Juniper Networks Inc. isn't going to replace Cisco Systems Inc. as the dominant network infrastructure vendor, but it's banking on its unified network/security management capabilities and high-performance multiservice appliances to bolster its security market position.
Juniper announced the SRX 3000 series appliances, aiming a bit lower in the enterprise market than last year's SRX 5000 line of boxes. The networking and security vendor also announced new versions of its Unified Access Control platform and SSL VPNs. These new versions enhance its adaptive threat management approach, which integrates security and network devices to address threats across the enterprise.
This week's news followed previous announcements of new versions of Security Threat Response Management (STRM), a combined SIEM and network behavior anomaly detection (NBAD) product (OEM'd from QRadar), and Network and Security Manager (NSM).
Juniper's message is integration, built on a common operating system called JUNOS for all network and security products. The vendor has committed to open standards to support third-party products.
It's a message that will sell, Juniper's partners said.
"Networks have to have security and can't just have routers and switches sitting or there not talking to firewalls and IPS systems and everything that's managing and correlating that data," said Matt Blossom, technology solutions program manager at Accuvant Inc., an information security and compliance management consulting firm catering to Fortune 1000 companies and one of the country's largest Juniper resellers.
That need is why Accuvant collapsed networking and security into a single practice (assessment and compliance are the others).
The new UAC and SSL releases support IF-MAP, a protocol from the Trusted Computing Group as part of its Trusted Network Connection (TNC) NAC standard. IF-MAP allows supported network and security devices to dynamically share information. Juniper, understandably, has been a strong force behind TNC, which counters rival Cisco's proprietary NAC approach.
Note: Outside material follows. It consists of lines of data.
(* For any two policy profiles $\pi,\pi'$ and every player $i$, $$\|v_i(\pi)-v_i(\pi')\|\le\frac{3\sqrt{A_i}}{\zeta^3}\sum_{j\in\mathcal N}\sqrt{A_j}\,\|\pi_j-\pi'_j\|,$$ and consequently $\|v(\pi)-v(\pi')\|\le\frac{3A}{\zeta^3}\|\pi-\pi'\|$ with $A=\sum_{i\in\mathcal N}A_i$.
   Context: Standing setting. Finite $N$-player stochastic game with random stopping: players $\mathcal N$, finite states $\mathcal S$, finite action sets $\mathcal A_i$ with $A_i=|\mathcal A_i|$, $\mathcal A=\prod_i\mathcal A_i$, rewards $r_i:\mathcal S\times\mathcal A\to[-1,1]$, nonnegative transition weights $P(s'\mid s,a)$ with stopping probability $\zeta_{s,a}=1-\sum_{s'}P(s'\mid s,a)$, $\zeta=\min_{s,a}\zeta_{s,a}>0$, initial distribution $\rho$. Policies $\pi_i\in\Delta(\mathcal A_i)^{\mathcal S}\subset\mathbb R^{\mathcal S\times\mathcal A_i}$, Euclidean norms. Episodes: $s_0\sim\rho$; players independently draw $a_{i,t}\sim\pi_i(\cdot\mid s_t)$; stop w.p. $\zeta_{s_t,a_t}$ ($T(\tau)=t$), else move to $s'$ w.p. $P(s'\mid s_t,a_t)$. $V_{i,\rho}(\pi)=\mathbb E_\pi[\sum_{t=0}^{T(\tau)}r_i(s_t,a_t)]$, $v_i(\pi)=\nabla_{\pi_i}V_{i,\rho}(\pi)$ (gradient in player $i$'s own entries), $v=(v_i)_i$. *)

theory Defs
  imports "HOL-Analysis.Analysis"
begin

text \<open>Players: finite type 'p; states: finite type 's; actions: elements of a common
 type 'a, player i's action set is AS i (finite, nonempty).
 A policy profile is pol :: 'p \<Rightarrow> 's \<Rightarrow> 'a \<Rightarrow> real, player i's entries being
 pol i s b for s a state and b \<in> AS i.\<close>

definition joint_actions :: "('p \<Rightarrow> 'a set) \<Rightarrow> ('p \<Rightarrow> 'a) set" where
  "joint_actions AS = PiE UNIV AS"

definition joint_weight :: "('p::finite \<Rightarrow> 's \<Rightarrow> 'a \<Rightarrow> real) \<Rightarrow> 's \<Rightarrow> ('p \<Rightarrow> 'a) \<Rightarrow> real" where
  "joint_weight pol s a = (\<Prod>i\<in>UNIV. pol i s (a i))"

text \<open>occ t s = probability that the episode has not stopped before time t and s_t = s.\<close>
fun occ :: "('p::finite \<Rightarrow> 'a set) \<Rightarrow> ('s::finite \<Rightarrow> ('p \<Rightarrow> 'a) \<Rightarrow> 's \<Rightarrow> real)
             \<Rightarrow> ('s \<Rightarrow> real) \<Rightarrow> ('p \<Rightarrow> 's \<Rightarrow> 'a \<Rightarrow> real) \<Rightarrow> nat \<Rightarrow> 's \<Rightarrow> real" where
  "occ AS P rho pol 0 s' = rho s'"
| "occ AS P rho pol (Suc t) s' =
     (\<Sum>s\<in>UNIV. \<Sum>a\<in>joint_actions AS. occ AS P rho pol t s * joint_weight pol s a * P s a s')"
"Juniper's overall strategy is avoiding proprietary implementation and adopting industry standards," said Mark Precious, chief technology officer of VirtualArmor LLC, a Juniper-exclusive reseller and information security integrator and service provider. "The commitment to open standards is going to play a very important part in security infrastructure."
With the new releases, SSL VPN, UAC and Juniper's IDP products can work cooperatively. Take this scenario, for example. A remote user logs on to the corporate network via SSL VPN. After his laptop is allowed on after passing network access control policy checks, he inserts a USB drive and inadvertently triggers a worm attack. The IPS detects the problem and communicates with the SSL VPN to identify the source. The VPN then quarantines the user until the laptop is remediated. STRM, meanwhile, would correlate multiple events as the same worm and generate audit reports. The SRX appliances are high-performance, scalable platforms for firewall/VPN/IDP, with an eye to adding additional services in the future. The 5000 series is aimed at the carrier and very large enterprise market.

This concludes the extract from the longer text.